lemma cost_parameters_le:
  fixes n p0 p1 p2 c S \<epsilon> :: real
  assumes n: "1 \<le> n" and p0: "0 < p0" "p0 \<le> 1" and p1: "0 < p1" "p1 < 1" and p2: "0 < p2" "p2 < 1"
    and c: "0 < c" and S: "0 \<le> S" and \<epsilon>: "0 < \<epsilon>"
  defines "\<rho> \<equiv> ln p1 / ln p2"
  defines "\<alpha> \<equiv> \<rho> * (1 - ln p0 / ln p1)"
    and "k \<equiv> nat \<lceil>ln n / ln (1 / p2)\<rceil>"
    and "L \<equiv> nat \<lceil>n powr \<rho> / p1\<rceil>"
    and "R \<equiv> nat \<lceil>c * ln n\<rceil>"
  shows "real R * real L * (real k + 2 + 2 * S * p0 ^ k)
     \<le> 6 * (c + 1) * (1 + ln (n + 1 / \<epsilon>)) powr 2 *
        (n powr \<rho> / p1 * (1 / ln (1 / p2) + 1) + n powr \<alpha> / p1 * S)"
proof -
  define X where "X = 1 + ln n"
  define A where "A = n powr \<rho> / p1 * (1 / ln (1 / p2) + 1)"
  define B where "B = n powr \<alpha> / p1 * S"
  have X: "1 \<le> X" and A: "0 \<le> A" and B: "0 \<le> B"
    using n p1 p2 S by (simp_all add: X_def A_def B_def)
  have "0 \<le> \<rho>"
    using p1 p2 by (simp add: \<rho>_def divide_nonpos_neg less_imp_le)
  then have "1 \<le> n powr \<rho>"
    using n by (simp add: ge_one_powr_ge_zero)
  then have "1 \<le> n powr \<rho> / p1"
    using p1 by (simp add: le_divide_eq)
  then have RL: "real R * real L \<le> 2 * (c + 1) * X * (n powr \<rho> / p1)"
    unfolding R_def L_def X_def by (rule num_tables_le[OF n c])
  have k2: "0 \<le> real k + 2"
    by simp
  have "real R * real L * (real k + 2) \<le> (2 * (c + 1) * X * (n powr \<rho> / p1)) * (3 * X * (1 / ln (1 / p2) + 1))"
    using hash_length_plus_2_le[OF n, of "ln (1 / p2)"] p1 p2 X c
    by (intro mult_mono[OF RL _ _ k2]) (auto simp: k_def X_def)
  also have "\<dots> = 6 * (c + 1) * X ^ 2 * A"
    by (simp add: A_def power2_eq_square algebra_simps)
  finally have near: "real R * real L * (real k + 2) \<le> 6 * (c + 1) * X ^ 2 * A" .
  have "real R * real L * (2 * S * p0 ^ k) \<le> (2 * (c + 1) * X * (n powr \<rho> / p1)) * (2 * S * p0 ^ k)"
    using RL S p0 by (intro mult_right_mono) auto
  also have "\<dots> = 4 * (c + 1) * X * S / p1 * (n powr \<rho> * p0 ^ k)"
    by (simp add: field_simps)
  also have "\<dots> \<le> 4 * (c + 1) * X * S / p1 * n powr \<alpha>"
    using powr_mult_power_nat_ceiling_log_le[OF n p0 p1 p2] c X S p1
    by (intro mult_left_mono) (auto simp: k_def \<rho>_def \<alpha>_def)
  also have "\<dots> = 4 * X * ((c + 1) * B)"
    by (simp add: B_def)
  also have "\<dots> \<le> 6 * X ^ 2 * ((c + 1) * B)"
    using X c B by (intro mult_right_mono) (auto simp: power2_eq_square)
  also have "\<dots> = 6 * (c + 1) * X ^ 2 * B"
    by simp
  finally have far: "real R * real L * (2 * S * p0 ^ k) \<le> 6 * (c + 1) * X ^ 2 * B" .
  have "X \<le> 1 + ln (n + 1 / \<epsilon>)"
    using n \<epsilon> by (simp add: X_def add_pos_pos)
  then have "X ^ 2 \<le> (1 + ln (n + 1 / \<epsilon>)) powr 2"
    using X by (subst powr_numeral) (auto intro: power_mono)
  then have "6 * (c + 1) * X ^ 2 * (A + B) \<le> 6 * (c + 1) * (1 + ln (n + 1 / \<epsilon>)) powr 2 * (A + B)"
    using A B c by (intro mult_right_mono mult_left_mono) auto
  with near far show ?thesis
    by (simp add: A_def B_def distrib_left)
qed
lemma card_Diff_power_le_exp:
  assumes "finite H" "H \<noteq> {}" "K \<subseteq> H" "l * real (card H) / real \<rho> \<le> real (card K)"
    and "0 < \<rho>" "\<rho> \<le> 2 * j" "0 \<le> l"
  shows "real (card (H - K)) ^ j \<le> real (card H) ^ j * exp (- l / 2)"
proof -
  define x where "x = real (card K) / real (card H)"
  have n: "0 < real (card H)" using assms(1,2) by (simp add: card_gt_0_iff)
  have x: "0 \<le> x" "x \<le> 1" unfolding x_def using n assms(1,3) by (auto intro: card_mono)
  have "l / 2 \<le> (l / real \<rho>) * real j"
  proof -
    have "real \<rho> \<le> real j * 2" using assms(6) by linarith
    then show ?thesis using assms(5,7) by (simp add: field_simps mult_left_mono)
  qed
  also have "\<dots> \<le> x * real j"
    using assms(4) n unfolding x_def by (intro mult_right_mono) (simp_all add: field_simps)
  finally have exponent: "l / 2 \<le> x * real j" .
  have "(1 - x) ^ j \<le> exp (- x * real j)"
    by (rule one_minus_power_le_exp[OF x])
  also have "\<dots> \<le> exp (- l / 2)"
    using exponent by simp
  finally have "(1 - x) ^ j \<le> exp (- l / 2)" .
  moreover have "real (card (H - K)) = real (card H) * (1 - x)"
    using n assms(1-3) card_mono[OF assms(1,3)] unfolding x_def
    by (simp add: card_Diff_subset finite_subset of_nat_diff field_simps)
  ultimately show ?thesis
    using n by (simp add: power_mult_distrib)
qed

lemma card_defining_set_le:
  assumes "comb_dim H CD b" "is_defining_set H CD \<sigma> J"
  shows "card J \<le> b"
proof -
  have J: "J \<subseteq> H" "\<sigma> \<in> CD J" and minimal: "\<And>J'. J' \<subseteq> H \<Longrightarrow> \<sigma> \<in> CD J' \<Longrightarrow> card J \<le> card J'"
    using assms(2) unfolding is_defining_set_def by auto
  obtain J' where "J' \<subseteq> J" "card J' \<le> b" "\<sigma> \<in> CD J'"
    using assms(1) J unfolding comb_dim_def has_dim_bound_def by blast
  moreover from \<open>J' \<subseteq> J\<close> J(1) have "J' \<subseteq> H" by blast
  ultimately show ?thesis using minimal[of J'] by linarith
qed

* * *

> _What to produce_: Copy out, word for word, the part of the entries above that begins at the line with "(1 - ln p0 /" and ends at the line with "real L \<le>", including both.

> _Task response_:
  defines "\<alpha> \<equiv> \<rho> * (1 - ln p0 / ln p1)"
    and "k \<equiv> nat \<lceil>ln n / ln (1 / p2)\<rceil>"
    and "L \<equiv> nat \<lceil>n powr \<rho> / p1\<rceil>"
    and "R \<equiv> nat \<lceil>c * ln n\<rceil>"
  shows "real R * real L * (real k + 2 + 2 * S * p0 ^ k)
     \<le> 6 * (c + 1) * (1 + ln (n + 1 / \<epsilon>)) powr 2 *
        (n powr \<rho> / p1 * (1 / ln (1 / p2) + 1) + n powr \<alpha> / p1 * S)"
proof -
  define X where "X = 1 + ln n"
  define A where "A = n powr \<rho> / p1 * (1 / ln (1 / p2) + 1)"
  define B where "B = n powr \<alpha> / p1 * S"
  have X: "1 \<le> X" and A: "0 \<le> A" and B: "0 \<le> B"
    using n p1 p2 S by (simp_all add: X_def A_def B_def)
  have "0 \<le> \<rho>"
    using p1 p2 by (simp add: \<rho>_def divide_nonpos_neg less_imp_le)
  then have "1 \<le> n powr \<rho>"
    using n by (simp add: ge_one_powr_ge_zero)
  then have "1 \<le> n powr \<rho> / p1"
    using p1 by (simp add: le_divide_eq)
  then have RL: "real R * real L \<le> 2 * (c + 1) * X * (n powr \<rho> / p1)"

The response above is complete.